Academic misconduct figures prominently in the press this week: Peter Nijkamp, a well-known Dutch economist at VU University Amsterdam, supervised a dissertation in which self-plagiarism occurred, according to a ruling of an integrity committee of the National Association of Universities in the Netherlands. The complaint led two national newspapers to dig into the work of Nijkamp. NRC published an article by research journalist Frank van Kolfschooten, who took a small sample of his publications and found 6 cases of plagiarism, and 8 cases of self-plagiarism. Today De Volkskrant reports self-plagiarism in 60% of 115 articles co-authored by Nijkamp. VU University rector Frank van der Duyn Schouten said in a preliminary statement that he does not believe Nijkamp plagiarized on purpose, that the criteria for self-plagiarism have been changing in the past decades, and that they are currently not clear. The university issued a full investigation of Nijkamp’s publications.

Fundamentele_wetenschap

Nijkamp’s profile on Google Scholar is polluted. It counts 28,860 citations, but includes papers written by others, like  Zoltan Acs and Nobel-prize winner Daniel Kahneman. A Web of Knowledge author search yielded 3,638 citations of his 426 (co-authored) publications, 3,310 excluding self-citations. That’s 7.8 citations per article.  His H-index is 29. Typically Nijkamp appears as a co-author on publications. He is the single author of only one of his top 10 most cited articles, ranking 10th, with 58 citations.

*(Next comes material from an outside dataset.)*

(* Let $\mathcal{T}$ be a projective Fraïssé family of finite trees whose distinguished epimorphisms are monotone and which allows splitting edges. Let $\mathbb{G}$ be its projective Fraïssé limit and $\pi\colon\mathbb{G}\to|\mathbb{G}|$ its topological realization. If $p\in|\mathbb{G}|$ is a ramification point of the dendrite $|\mathbb{G}|$, then there is a unique $p'\in\mathbb{G}$ with $\pi(p')=p$.
   Context: Graphs have reflexive symmetric edge relations; topological graphs carry a compact, Hausdorff, zero-dimensional, second countable topology with closed edge set; finite graphs are discrete. An epimorphism $g\colon B\to A$ of topological graphs is a continuous surjection with: $\langle a_1,a_2\rangle\in E(A)$ iff some $b_i\in g^{-1}(a_i)$ satisfy $\langle b_1,b_2\rangle\in E(B)$. A topological graph is disconnected if its vertex set splits into two nonempty disjoint closed sets with no edges between them, and connected otherwise (subsets carry the induced edges and subspace topology). An epimorphism is monotone if every fibre $g^{-1}(a)$ is connected. A finite tree is a finite connected graph without cycles of nontrivial edges. A projective Fraïssé family is a class of finite graphs with a distinguished class of epimorphisms, countably many up to isomorphism, containing identities, closed under composition, with the joint projection property (any $A,B$ have a common $C$ with distinguished epimorphisms onto both) and projective amalgamation (distinguished $f\colon B\to A$, $g\colon C\to A$ admit $D$ and distinguished $h\colon D\to B$, $k\colon D\to C$ with $f\circ h=g\circ k$). A Fraïssé sequence is a sequence $(F_n)$ in the family with compatible distinguished epimorphisms $f^m_n\colon F_m\to F_n$ such that every member of the family is the image of some $F_n$ under a distinguished epimorphism, and for every distinguished $f\colon A\to F_m$ there exist $n\ge m$ and distinguished $g\colon F_n\to A$ with $f\circ g=f^n_m$; the projective Fraïssé limit is $\varprojlim F_n\subseteq\prod F_n$ with $\langle x,y\rangle$ an edge iff $\langle x_n,y_n\rangle$ is an edge for all $n$ (unique up to isomorphism). The family allows splitting edges if for every member $G$ and every nontrivial edge $\{a,b\}$, the graph obtained by replacing this edge by a path $a,\ast,b$ through a new vertex $\ast$ is in the family, and both maps collapsing $\ast$ to $a$, resp. to $b$ (identity elsewhere) are distinguished epimorphisms. Under these hypotheses the limit $\mathbb{G}$ is a prespace (its edge relation is an equivalence relation); its topological realization is the quotient map $\pi\colon\mathbb{G}\to|\mathbb{G}|=\mathbb{G}/E(\mathbb{G})$, and $|\mathbb{G}|$ is a dendrite (a compact metrizable connected locally connected space in which any two points are joined by a unique arc). A point $x$ of a dendrite $X$ is a ramification point if $X\setminus\{x\}$ has more than two connected components. *)

theory Defs
  imports "HOL-Analysis.Analysis"
begin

The Nijkamp case looks different from another prominent case of self-citation in economics, by Bruno Frey. Frey submitted nearly identical research papers to different journals. Nijkamp seems to have allowed his many co-authors to copy and paste sentences and sometimes entire paragraphs from other articles he co-authored – which can be classified as self-plagiarism.

January 15, 2014 update: Nijkamp responded in a letter posted here that there may have been some flaws and accidents, but that these are to be expected in what he calls “the beautiful industry of academic publishing”.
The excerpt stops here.